Estimated stand-off distance between ADS-B equipped aircraft and obstacles. Obstacle information was sourced from the FAA Digital Obstacle File and the FHWA National Bridge Inventory. Aircraft tracks were sourced from processed data curated from the OpenSky Network. Results are presented as histograms organized by aircraft type and distance away from runways.

Description:

For many aviation safety studies, aircraft behavior is represented using encounter models, which are statistical models of how aircraft behave during close encounters. They are used to provide a realistic representation of the range of encounter flight dynamics where an aircraft collision avoidance system would be likely to alert. These models currently and have historically have been limited to interactions between aircraft; they have not represented the specific interactions between obstacles and aircraft equipped transponders. In response, we calculated the standoff distance between obstacles and ADS-B equipped manned aircraft.

For robustness, this assessment considered two different datasets of manned aircraft tracks and two datasets of obstacles. For robustness, MIT LL calculated the standoff distance using two different datasets of aircraft tracks and two datasets of obstacles. This approach aligned with the foundational research used to support the ASTM F3442/F3442M-20 well clear criteria of 2000 feet laterally and 250 feet AGL vertically.

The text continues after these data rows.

lemma prob_occurrences_deviation_ge:
  assumes "0 < N" "0 \<le> \<epsilon>"
  shows "measure_pmf.prob (Pi_pmf {..<N} d (\<lambda>_. D))
           {v. \<epsilon> \<le> \<bar>real (occurrences N v a) - N * pmf D a\<bar>} \<le> 2 * exp (-2 * \<epsilon>\<^sup>2 / N)"
proof -
  interpret binomial_distribution N "pmf D a"
    by unfold_locales (simp add: pmf_le_1)
  have "measure_pmf.prob (Pi_pmf {..<N} d (\<lambda>_. D))
           {v. \<epsilon> \<le> \<bar>real (occurrences N v a) - N * pmf D a\<bar>}
      = measure_pmf.prob (map_pmf (\<lambda>v. occurrences N v a) (Pi_pmf {..<N} d (\<lambda>_. D)))
           {x. \<epsilon> \<le> \<bar>real x - N * pmf D a\<bar>}"
    by (simp add: vimage_def)
  then show ?thesis
    using prob_abs_ge[OF assms(1,2)] by (simp add: map_pmf_occurrences_Pi_pmf)
qed

definition concentrated :: "real \<Rightarrow> nat \<Rightarrow> real^'a::finite \<Rightarrow> ('a \<Rightarrow> nat) \<Rightarrow> bool" where
  "concentrated s N P n \<longleftrightarrow> (\<forall>a. \<bar>real (n a) - N * P$a\<bar> < s * sqrt N)"

lemma concentrated_imp_ge:
  assumes "concentrated s N P n" "real t + s * sqrt N \<le> N * P$a"
  shows "t \<le> n a"
proof -
  have "\<bar>real (n a) - N * P$a\<bar> < s * sqrt N"
    using assms(1) by (simp add: concentrated_def)
  then have "real t < real (n a)"
    using assms(2) by linarith
  then show ?thesis by simp
qed

lemma prob_not_concentrated_le:
  fixes P :: "real^'a::finite"
  assumes "0 < N" "0 \<le> s" "\<And>a. pmf D a = P$a"
  shows "measure_pmf.prob (Pi_pmf {..<N} d (\<lambda>_. D)) {v. \<not> concentrated s N P (occurrences N v)}
           \<le> 2 * CARD('a) * exp (-2 * s\<^sup>2)"
proof -
  let ?M = "Pi_pmf {..<N} d (\<lambda>_. D)"
  let ?far = "\<lambda>a. {v. s * sqrt N \<le> \<bar>real (occurrences N v a) - N * pmf D a\<bar>}"
  have "{v. \<not> concentrated s N P (occurrences N v)} = (\<Union>a. ?far a)"
    by (auto simp: concentrated_def assms(3) not_less)
  then have "measure_pmf.prob ?M {v. \<not> concentrated s N P (occurrences N v)}
      \<le> (\<Sum>a\<in>UNIV. measure_pmf.prob ?M (?far a))"
    by (simp add: measure_pmf.finite_measure_subadditive_finite)
  also have "\<dots> \<le> (\<Sum>a\<in>(UNIV::'a set). 2 * exp (-2 * s\<^sup>2))"
    using prob_occurrences_deviation_ge[OF assms(1), of "s * sqrt N"] assms(1,2)
    by (intro sum_mono) (simp add: power_mult_distrib)
  finally show ?thesis by simp
qed
primrec lower_proj :: "'a gorder \<Rightarrow> 'a \<Rightarrow> 'a lterm \<Rightarrow> 'a" where
  "lower_proj K z (Gen a) = (if a \<in> carrier K then a else z)"
| "lower_proj K z (Join x y) = lower_proj K z x \<squnion>\<^bsub>K\<^esub> lower_proj K z y"
| "lower_proj K z (Meet x y) = lower_proj K z x \<sqinter>\<^bsub>K\<^esub> lower_proj K z y"

primrec upper_proj :: "'i set \<Rightarrow> ('i \<Rightarrow> 'a gorder) \<Rightarrow> 'a \<Rightarrow> 'i \<Rightarrow> 'a lterm \<Rightarrow> 'a option" where
  "upper_proj I Ls z i (Gen a) = (if a \<in> carrier (Ls i) then Some a else None)"
| "upper_proj I Ls z i (Join x y) = ojoin (Ls i) (upper_proj I Ls z i x) (upper_proj I Ls z i y)"
| "upper_proj I Ls z i (Meet x y) =
     (if \<exists>j\<in>I. omeet (Ls j) (upper_proj I Ls z j x) (upper_proj I Ls z j y) = Some z then Some z
      else omeet (Ls i) (upper_proj I Ls z i x) (upper_proj I Ls z i y))"

lemma (in zero_lattice) lower_proj_closed: "lower_proj L z x \<in> carrier L"
  by (induction x) auto

lemma cop_le_Join_mono: "cop_le I Ls z s s' \<Longrightarrow> cop_le I Ls z t t' \<Longrightarrow> cop_le I Ls z (Join s t) (Join s' t')"
  by (meson cop_le.join_lub cop_le.join_ub1 cop_le.join_ub2 cop_le.trans)

lemma cop_le_Meet_mono: "cop_le I Ls z s s' \<Longrightarrow> cop_le I Ls z t t' \<Longrightarrow> cop_le I Ls z (Meet s t) (Meet s' t')"
  by (meson cop_le.meet_glb cop_le.meet_lb1 cop_le.meet_lb2 cop_le.trans)

lemmas [trans] = cop_le.trans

The two datasets of processed tracks of ADS-B equipped aircraft curated from the OpenSky Network. It is likely that rotorcraft were underrepresented in these datasets. There were also no considerations for aircraft equipped only with Mode C or not equipped with any transponders. The first dataset was used to train the v1.3 uncorrelated encounter models and referred to as the “Monday” dataset. The second dataset is referred to as the “aerodrome” dataset and was used to train the v2.0 and v3.x terminal encounter model. The Monday dataset consisted of 104 Mondays across North America. The other dataset was based on observations at least 8 nautical miles within Class B, C, D aerodromes in the United States for the first 14 days of each month from January 2019 through February 2020. Prior to any processing, the datasets required 714 and 847 Gigabytes of storage. For more details on these datasets, please refer to "Correlated Bayesian Model of Aircraft Encounters in the Terminal Area Given a Straight Takeoff or Landing" and “Benchmarking the Processing of Aircraft Tracks with Triples Mode and Self-Scheduling.”

Two different datasets of obstacles were also considered. First was point obstacles defined by the FAA digital obstacle file (DOF) and consisted of point obstacle structures of antenna, lighthouse, meteorological tower (met), monument, sign, silo, spire (steeple), stack (chimney; industrial smokestack), transmission line tower (t-l tower), tank (water; fuel), tramway, utility pole (telephone pole, or pole of similar height, supporting wires), windmill (wind turbine), and windsock. Each obstacle was represented by a cylinder with the height reported by the DOF and a radius based on the report horizontal accuracy. We did not consider the actual width and height of the structure itself. Additionally, we only considered obstacles at least 50 feet tall and marked as verified in the DOF.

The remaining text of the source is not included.